definition metric_graph :: "'e set \<Rightarrow> ('e \<Rightarrow> 'v) \<Rightarrow> ('e \<Rightarrow> 'v) \<Rightarrow> ('e \<Rightarrow> real) \<Rightarrow> bool" where
  "metric_graph E src tgt len \<longleftrightarrow>
     finite E \<and> E \<noteq> {} \<and> (\<forall>e\<in>E. 0 < len e) \<and>
     (\<forall>u\<in>graph_vertices E src tgt. \<forall>v\<in>graph_vertices E src tgt.
        (\<lambda>a b. \<exists>e\<in>E. (src e = a \<and> tgt e = b) \<or> (src e = b \<and> tgt e = a))\<^sup>*\<^sup>* u v)"

text \<open>Points of the graph: pairs (e, x) with x in [0, len e]; two such pairs denote the
  same point of the graph iff they are equal or both are ends at the same vertex.\<close>

definition graph_points :: "'e set \<Rightarrow> ('e \<Rightarrow> real) \<Rightarrow> ('e \<times> real) set" where
  "graph_points E len = {(e, x). e \<in> E \<and> x \<in> {0..len e}}"

definition same_point :: "('e \<Rightarrow> 'v) \<Rightarrow> ('e \<Rightarrow> 'v) \<Rightarrow> ('e \<Rightarrow> real) \<Rightarrow> 'e \<times> real \<Rightarrow> 'e \<times> real \<Rightarrow> bool" where
  "same_point src tgt len p q \<longleftrightarrow>
     p = q \<or>
     (snd p = 0 \<and> snd q = 0 \<and> src (fst p) = src (fst q)) \<or>
     (snd p = 0 \<and> snd q = len (fst q) \<and> src (fst p) = tgt (fst q)) \<or>
     (snd p = len (fst p) \<and> snd q = 0 \<and> tgt (fst p) = src (fst q)) \<or>
     (snd p = len (fst p) \<and> snd q = len (fst q) \<and> tgt (fst p) = tgt (fst q))"

text \<open>Open subsets of the metric graph (quotient topology of the disjoint union of the
  closed edge intervals), represented as saturated sets of parameter pairs.\<close>

definition graph_open :: "'e set \<Rightarrow> ('e \<Rightarrow> 'v) \<Rightarrow> ('e \<Rightarrow> 'v) \<Rightarrow> ('e \<Rightarrow> real) \<Rightarrow> ('e \<times> real) set \<Rightarrow> bool" where
  "graph_open E src tgt len U \<longleftrightarrow>
     U \<subseteq> graph_points E len \<and>
     (\<forall>p\<in>U. \<forall>q\<in>graph_points E len. same_point src tgt len p q \<longrightarrow> q \<in> U) \<and>
     (\<forall>e\<in>E. openin (top_of_set {0..len e}) {x\<in>{0..len e}. (e, x) \<in> U})"

definition graph_C1 :: "'e set \<Rightarrow> ('e \<Rightarrow> 'v) \<Rightarrow> ('e \<Rightarrow> 'v) \<Rightarrow> ('e \<Rightarrow> real) \<Rightarrow> ('e \<Rightarrow> real \<Rightarrow> real) \<Rightarrow> bool" where
  "graph_C1 E src tgt len W \<longleftrightarrow>
     (\<forall>e\<in>E. \<exists>D. continuous_on {0..len e} D \<and>
        (\<forall>x\<in>{0..len e}. (W e has_real_derivative D x) (at x within {0..len e}))) \<and>
     (\<forall>p\<in>graph_points E len. \<forall>q\<in>graph_points E len.
        same_point src tgt len p q \<longrightarrow> W (fst p) (snd p) = W (fst q) (snd q))"

text \<open>Eigenfunctions of H_W = -d^2/dx^2 + W with Dirichlet conditions at degree-one
  vertices and Neumann-Kirchhoff conditions (continuity, vanishing sum of outgoing
  derivatives) at inner vertices. The outgoing derivative of edge e at src e is
  phi_e'(0), at tgt e it is -phi_e'(len e).\<close>

definition is_eigenfunction ::
  "'e set \<Rightarrow> ('e \<Rightarrow> 'v) \<Rightarrow> ('e \<Rightarrow> 'v) \<Rightarrow> ('e \<Rightarrow> real) \<Rightarrow> ('e \<Rightarrow> real \<Rightarrow> real) \<Rightarrow>
   ('e \<Rightarrow> real \<Rightarrow> real) \<Rightarrow> real \<Rightarrow> bool" where
  "is_eigenfunction E src tgt len W \<phi> \<mu> \<longleftrightarrow>
     (\<exists>e\<in>E. \<exists>x\<in>{0..len e}. \<phi> e x \<noteq> 0) \<and>
     (\<exists>d d2.
        (\<forall>e\<in>E. \<forall>x\<in>{0..len e}.
           (\<phi> e has_real_derivative d e x) (at x within {0..len e}) \<and>
           (d e has_real_derivative d2 e x) (at x within {0..len e}) \<and>
           - d2 e x + W e x * \<phi> e x = \<mu> * \<phi> e x) \<and>
        (\<forall>v\<in>graph_vertices E src tgt. vdegree E src tgt v = 1 \<longrightarrow>
           (\<forall>e\<in>E. (src e = v \<longrightarrow> \<phi> e 0 = 0) \<and> (tgt e = v \<longrightarrow> \<phi> e (len e) = 0))) \<and>
        (\<forall>v\<in>graph_vertices E src tgt. 2 \<le> vdegree E src tgt v \<longrightarrow>
           (\<exists>c. \<forall>e\<in>E. (src e = v \<longrightarrow> \<phi> e 0 = c) \<and> (tgt e = v \<longrightarrow> \<phi> e (len e) = c)) \<and>
           (\<Sum>e\<in>{e\<in>E. src e = v}. d e 0) + (\<Sum>e\<in>{e\<in>E. tgt e = v}. - d e (len e)) = 0))"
········
• Prompt
Nothing should appear in the answer except the lines above from the line with "same point of" through the line with "x). e \<in> E", both included, written out exactly.

• Task output
  same point of the graph iff they are equal or both are ends at the same vertex.\<close>

definition graph_points :: "'e set \<Rightarrow> ('e \<Rightarrow> real) \<Rightarrow> ('e \<times> real) set" where
  "graph_points E len = {(e, x). e \<in> E \<and> x \<in> {0..len e}}"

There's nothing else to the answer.